Five Thoughts on Babylon 5‘s “Comes the Inquisitor”

By | October 24th, 2019
Posted in Television | % Comments

G’Kar finds himself in a desperate and difficult situation, Shade makes an inexplicable appearance, and Kosh doubts. Welcome my friends. This is the story of the last of the Babylon stations. The year is 2259. The name of the place is Babylon 5.

Spoilers ahead.

1. Heavy are the Arms that Wield the Manacles

I don’t know how to feel about this episode. It’s a heavy one, a tough one, and is pretty uncomfortable to watch. Much of the episode centers on Delenn and the trial she is being put through by Kosh. Or, to be more precise, by Sebastian the Inquisitor on behalf of Kosh. It’s a situation that, unlike season one’s Delenn in peril sequences, is a far more complicated and personally rooted situation. Delenn enters willingly, though terrified, with full-knowledge of the risks and how to remove herself from danger should it become too much. The catch is that pride, that beast capable of driving one to even greater depths, pride will keep her shackled and at the whims of her inquisitor.

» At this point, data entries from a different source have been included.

(* There exists $C>0$ such that for every $R\ge1$, every $y_0\in\mathbb R$, with $\psi_0:=\psi_R(\cdot-y_0)$, and every real-valued $f\in H^2(\mathbb R)$: $$2\|f\|^2_{H^1(\psi_0dx)}+\frac{C}{R^2}\|f\|^2_{L^2(\operatorname{supp}\partial_x\psi_0)}\ \ge\ (L_\Gamma f,f)_{\psi_0}\ \ge\ 4\lambda_0\|f\|^2_{H^1(\psi_0dx)}-\frac1{\lambda_0}\Big(\int\sqrt{\psi_0}\,f\sin\theta_*\,dx\Big)^2-\frac{C}{R^2}\|f\|^2_{L^2(\operatorname{supp}\partial_x\psi_0)}.$$
   Context: $\gamma\in(-1,1)$, $\Gamma:=\sqrt{1-\gamma^2}$, $\theta_*(x)=2\arctan(e^{-\Gamma x})$, and $L_\Gamma v:=-\partial_{xx}v+\Gamma^2(\cos^2\theta_*-\sin^2\theta_* )v$. $\lambda_0>0$ is a constant such that for all real $v\in H^1(\mathbb R)$, $(L_\Gamma v,v)_{L^2}\le2\|v\|^2_{H^1}$ and $(L_\Gamma v,v)_{L^2}\ge4\lambda_0\|v\|^2_{H^1}-\lambda_0^{-1}\big(\int v\sin\theta_*dx\big)^2$ (such a constant exists). Fix $\psi:\mathbb R\to[0,1]$ with $\psi\equiv0$ on $(-\infty,-1]$, $\psi\equiv1$ on $[1,\infty)$, $1-\psi(x)=\psi(-x)$, and $\sqrt\psi\in W^{3,\infty}$; $\psi_R(x):=\psi(x/R)$. $(f,g)_\varphi:=\int fg\varphi\,dx$, $\|f\|^2_{H^1(\varphi dx)}:=\int(|f|^2+|\partial_xf|^2)\varphi\,dx$, and $\|f\|_{L^2(I)}$ the $L^2$ norm over $I$. *)

theory Defs
  imports "HOL-Analysis.Analysis"
begin

definition Gam :: "real \<Rightarrow> real" where
  "Gam \<gamma> = sqrt (1 - \<gamma>\<^sup>2)"

definition theta_star :: "real \<Rightarrow> real \<Rightarrow> real" where
  "theta_star \<gamma> x = 2 * arctan (exp (- Gam \<gamma> * x))"

definition potV :: "real \<Rightarrow> real \<Rightarrow> real" where
  "potV \<gamma> x = (Gam \<gamma>)\<^sup>2 * ((cos (theta_star \<gamma> x))\<^sup>2 - (sin (theta_star \<gamma> x))\<^sup>2)"

definition sq_int :: "(real \<Rightarrow> real) \<Rightarrow> bool" where
  "sq_int f \<longleftrightarrow> f \<in> borel_measurable lborel \<and> integrable lborel (\<lambda>x. (f x)\<^sup>2)"

text \<open>v \<in> H^1(R) with (weak) derivative v1: v is locally absolutely continuous with
  derivative v1 (fundamental theorem of calculus on every compact interval), v, v1 \<in> L^2.\<close>
definition H1 :: "(real \<Rightarrow> real) \<Rightarrow> (real \<Rightarrow> real) \<Rightarrow> bool" where
  "H1 v v1 \<longleftrightarrow> (\<forall>a b. a \<le> b \<longrightarrow> (v1 has_integral (v b - v a)) {a..b})
                 \<and> sq_int v \<and> sq_int v1"

definition H2 :: "(real \<Rightarrow> real) \<Rightarrow> (real \<Rightarrow> real) \<Rightarrow> (real \<Rightarrow> real) \<Rightarrow> bool" where
  "H2 f f1 f2 \<longleftrightarrow> (\<forall>x. (f has_real_derivative f1 x) (at x))
                   \<and> (\<forall>a b. a \<le> b \<longrightarrow> (f2 has_integral (f1 b - f1 a)) {a..b})
                   \<and> sq_int f \<and> sq_int f1 \<and> sq_int f2"

definition LGam_form :: "real \<Rightarrow> (real \<Rightarrow> real) \<Rightarrow> (real \<Rightarrow> real) \<Rightarrow> real" where
  "LGam_form \<gamma> v v1 = (\<integral>x. (v1 x)\<^sup>2 + potV \<gamma> x * (v x)\<^sup>2 \<partial>lborel)"

definition H1_sqnorm :: "(real \<Rightarrow> real) \<Rightarrow> (real \<Rightarrow> real) \<Rightarrow> real" where
  "H1_sqnorm v v1 = (\<integral>x. (v x)\<^sup>2 + (v1 x)\<^sup>2 \<partial>lborel)"

definition H1w_sqnorm :: "(real \<Rightarrow> real) \<Rightarrow> (real \<Rightarrow> real) \<Rightarrow> (real \<Rightarrow> real) \<Rightarrow> real" where
  "H1w_sqnorm \<phi> f f1 = (\<integral>x. ((f x)\<^sup>2 + (f1 x)\<^sup>2) * \<phi> x \<partial>lborel)"

definition LGam_wpair :: "real \<Rightarrow> (real \<Rightarrow> real) \<Rightarrow> (real \<Rightarrow> real) \<Rightarrow> (real \<Rightarrow> real) \<Rightarrow> real" where
  "LGam_wpair \<gamma> \<phi> f f2 = (\<integral>x. (- f2 x + potV \<gamma> x * f x) * f x * \<phi> x \<partial>lborel)"

definition L2_sqnorm_on :: "real set \<Rightarrow> (real \<Rightarrow> real) \<Rightarrow> real" where
  "L2_sqnorm_on I f = (LINT x:I|lborel. (f x)\<^sup>2)"

definition supp_fun :: "(real \<Rightarrow> real) \<Rightarrow> real set" where
  "supp_fun g = closure {x. g x \<noteq> 0}"

text \<open>g \<in> W^{3,\<infinity>}(R): g is C^1 with C^1 derivative whose derivative is bounded Lipschitz,
  i.e. g, g', g'' bounded and g'' Lipschitz (= g''' \<in> L^\<infinity>).\<close>
definition W3inf :: "(real \<Rightarrow> real) \<Rightarrow> bool" where
  "W3inf g \<longleftrightarrow> (\<exists>g1 g2 L. (\<forall>x. (g has_real_derivative g1 x) (at x))
                     \<and> (\<forall>x. (g1 has_real_derivative g2 x) (at x))
                     \<and> L-lipschitz_on UNIV g2
                     \<and> bounded (range g) \<and> bounded (range g1) \<and> bounded (range g2))"

definition cutoff_psi :: "(real \<Rightarrow> real) \<Rightarrow> bool" where
  "cutoff_psi \<psi> \<longleftrightarrow> (\<forall>x. 0 \<le> \<psi> x \<and> \<psi> x \<le> 1)
     \<and> (\<forall>x. x \<le> -1 \<longrightarrow> \<psi> x = 0) \<and> (\<forall>x. 1 \<le> x \<longrightarrow> \<psi> x = 1)
     \<and> (\<forall>x. 1 - \<psi> x = \<psi> (- x))
     \<and> W3inf (\<lambda>x. sqrt (\<psi> x))"

end

theory Submission
  imports Defs
begin

text \<open>Write \<open>\<psi>\<^sub>0 = \<sigma>\<^sup>2\<close> with \<open>\<sigma> = sqrt \<psi>\<^sub>0\<close> and localize \<open>f\<close> to \<open>v = \<sigma> f \<in> H\<^sup>1\<close>.
  Integrating by parts against the weight gives
    \<open>(L\<^sub>\<Gamma> f, f)\<^sub>\<psi>\<^sub>0 = (L\<^sub>\<Gamma> v, v) - \<integral> \<sigma>'\<^sup>2 f\<^sup>2\<close>,
    \<open>\<parallel>v\<parallel>\<^sup>2 = \<parallel>f\<parallel>\<^sup>2 + \<integral> \<sigma>'\<^sup>2 f\<^sup>2 - 1/2 \<integral> \<psi>\<^sub>0'' f\<^sup>2\<close>
  (norms in \<open>H\<^sup>1\<close> and \<open>H\<^sup>1(\<psi>\<^sub>0 dx)\<close>), so both assumed bounds on \<open>L\<^sub>\<Gamma>\<close> carry over to the weighted
  form up to these two error integrals. Since \<open>sqrt \<psi>\<close> has bounded derivatives, \<open>\<sigma>' = O(1/R)\<close>
  and \<open>\<psi>\<^sub>0'' = O(1/R\<^sup>2)\<close>, and both vanish outside \<open>supp \<psi>\<^sub>0'\<close>.\<close>

section \<open>Integration on the real line\<close>

lemma integrable_bounded_mult:
  fixes h k :: "'a \<Rightarrow> real"
  assumes h: "integrable M h" and k: "k \<in> borel_measurable M" and bound: "\<And>x. \<bar>k x\<bar> \<le> B"
  shows "integrable M (\<lambda>x. k x * h x)"
proof (rule Bochner_Integration.integrable_bound)
  show "integrable M (\<lambda>x. B * \<bar>h x\<bar>)" using h by simp
  show "(\<lambda>x. k x * h x) \<in> borel_measurable M"
    using h k by (intro borel_measurable_times) auto
  show "AE x in M. norm (k x * h x) \<le> norm (B * \<bar>h x\<bar>)"
  proof (rule AE_I2)
    fix x
    have "\<bar>k x\<bar> * \<bar>h x\<bar> \<le> B * \<bar>h x\<bar>" by (rule mult_right_mono[OF bound]) simp
    moreover have "0 \<le> B" using bound[of x] by linarith
    ultimately show "norm (k x * h x) \<le> norm (B * \<bar>h x\<bar>)" by (simp add: abs_mult)
  qed
qed

lemma sq_int_mult_integrable:
  assumes "sq_int f" "sq_int h"
  shows "integrable lborel (\<lambda>x. f x * h x)"
proof (rule Bochner_Integration.integrable_bound)
  show "integrable lborel (\<lambda>x. (f x)\<^sup>2 + (h x)\<^sup>2)"
    using assms unfolding sq_int_def by auto
  show "(\<lambda>x. f x * h x) \<in> borel_measurable lborel"
    using assms unfolding sq_int_def by (intro borel_measurable_times) auto
  have "\<bar>f x * h x\<bar> \<le> (f x)\<^sup>2 + (h x)\<^sup>2" for x
  proof -
    have "2 * \<bar>f x * h x\<bar> \<le> (f x)\<^sup>2 + (h x)\<^sup>2"
      using sum_squares_bound[of "\<bar>f x\<bar>" "\<bar>h x\<bar>"] by (simp add: abs_mult)
    then show ?thesis using abs_ge_zero[of "f x * h x"] by linarith
  qed
  then show "AE x in lborel. norm (f x * h x) \<le> norm ((f x)\<^sup>2 + (h x)\<^sup>2)" by simp
qed

lemma sq_int_set_integrable_Icc:
  assumes "sq_int f"
  shows "set_integrable lborel {a..b} f"
proof -
  have "integrable lborel (\<lambda>x. f x * indicator {a..b} x)"
  proof (rule sq_int_mult_integrable[OF assms])
    have "(\<lambda>x. (indicator {a..b} x :: real)\<^sup>2) = indicator {a..b}"
      by (auto simp: indicator_def)
    then show "sq_int (indicator {a..b} :: real \<Rightarrow> real)"
      by (simp add: sq_int_def integrable_indicator_iff emeasure_lborel_Icc_eq)
  qed
  then show ?thesis unfolding set_integrable_def by (simp add: mult.commute)
qed

lemma integrable_tendsto_at_top_imp_zero:
  fixes u :: "real \<Rightarrow> real"
  assumes u: "integrable lborel u" and lim: "(u \<longlongrightarrow> L) at_top"
  shows "L = 0"
proof (rule ccontr)
  assume "L \<noteq> 0"
  then have "\<bar>L\<bar> / 2 > 0" by simp
  with lim have "eventually (\<lambda>x. dist (u x) L < \<bar>L\<bar> / 2) at_top"
    by (rule tendstoD)
  then obtain N where N: "\<And>x. x \<ge> N \<Longrightarrow> \<bar>u x - L\<bar> < \<bar>L\<bar> / 2"
    by (auto simp: eventually_at_top_linorder dist_real_def)
  have "integrable lborel (\<lambda>x. (\<bar>L\<bar> / 2) * indicator {N..} x)"
  proof (rule Bochner_Integration.integrable_bound[OF u])
    have "\<bar>L\<bar> / 2 * indicator {N..} x \<le> \<bar>u x\<bar>" for x
      using N[of x] abs_triangle_ineq2[of L "u x"] abs_minus_commute[of L "u x"]
      by (auto simp: indicator_def)
    then show "AE x in lborel. norm (\<bar>L\<bar> / 2 * indicator {N..} x) \<le> norm (u x)"
      by simp
  qed simp
  then have "integrable lborel (\<lambda>x. (2 / \<bar>L\<bar>) * ((\<bar>L\<bar> / 2) * indicator {N..} x))"
    by (rule integrable_mult_right)
  then have "integrable lborel (\<lambda>x. indicator {N..} x :: real)"
    using \<open>L \<noteq> 0\<close> by simp
  then have fin: "emeasure lborel {N..} < \<infinity>"
    by (simp add: integrable_indicator_iff)
  define m where "m = enn2real (emeasure lborel {N..})"
  have "ennreal (m + 1) = emeasure lborel {N..N + (m + 1)}"
    by (simp add: m_def)
  also have "\<dots> \<le> emeasure lborel {N..}"
    by (rule emeasure_mono) auto
  also have "\<dots> = ennreal m"
    using fin by (simp add: m_def ennreal_enn2real less_top)
  finally show False
    by (simp add: m_def ennreal_le_iff)
qed

lemma integral_eq_zero_if_primitive_vanishes_left:
  fixes u w :: "real \<Rightarrow> real"
  assumes primitive: "\<And>x. c \<le> x \<Longrightarrow> (w has_integral (u x - u c)) {c..x}"
    and u0: "\<And>x. x \<le> c \<Longrightarrow> u x = 0"
    and w0: "\<And>x. x < c \<Longrightarrow> w x = 0"
    and u: "integrable lborel u" and w: "integrable lborel w"
  shows "integral\<^sup>L lborel w = 0"
proof -
  have set_int: "set_integrable lborel A w" if "A \<in> sets lborel" for A
    unfolding set_integrable_def using integrable_mult_indicator[OF that w] .
  have partial: "(LINT t:{c..x}|lborel. w t) = u x" if "c \<le> x" for x
  proof -
    have "(LINT t:{c..x}|lborel. w t) = integral {c..x} w"
      by (rule set_borel_integral_eq_integral(2)[OF set_int]) simp
    also have "\<dots> = u x" using integral_unique[OF primitive[OF that]] u0[of c] by simp
    finally show ?thesis .
  qed
  have "(LINT t:{c..}|lborel. w t) = integral\<^sup>L lborel w"
    unfolding set_lebesgue_integral_def
    by (rule Bochner_Integration.integral_cong) (auto simp: indicator_def w0 not_le)
  moreover have "((\<lambda>b. LINT t:{c..b}|lborel. w t) \<longlongrightarrow> (LINT t:{c..}|lborel. w t)) at_top"
    by (rule tendsto_set_lebesgue_integral_at_top) (auto intro: set_int)
  ultimately have "(u \<longlongrightarrow> integral\<^sup>L lborel w) at_top"
    by (auto elim!: Lim_transform_eventually simp: eventually_at_top_linorder partial intro!: exI[of _ c])
  then show ?thesis by (rule integrable_tendsto_at_top_imp_zero[OF u])
qed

And that word is perfect for Sebastian. He is the one who asks the questions. He is the one who was dispatched based on the assumption of possible guilt. He is the one who is charged with torturing the accused until they provide the right, acceptable, answers. But does that make the eye with which we watch him torturing Delenn less voyeuristic? That’s where the episode feels uncomfortable beyond the intentional discomfort. It’s clear we’re meant to be unsettled. The lack of music, the circling motions and repetitive sounds and tight close-ups in a dimly lit room, it builds an atmosphere of tension and fear, driven home by Wayne Alexander’s chilling Sebastian.

But was it necessary? Both in-universe and out? It’s exhausting to watch and as close to a horror film we’ve gotten thus far, though it is a far cry from the likes of Hellraiser. I think, tentatively, yes.

It was a trial in the ancient sense. A difficult, seemingly impossible and confusing task which acts as either a test of faith or to expose the person beneath the person, revealing not “who you are” but what you are willing to do when faced with painful, difficult choices in which there are no easy answers. The reason Delenn could not have the question explained directly is because it is easy to provide the answers people want to hear.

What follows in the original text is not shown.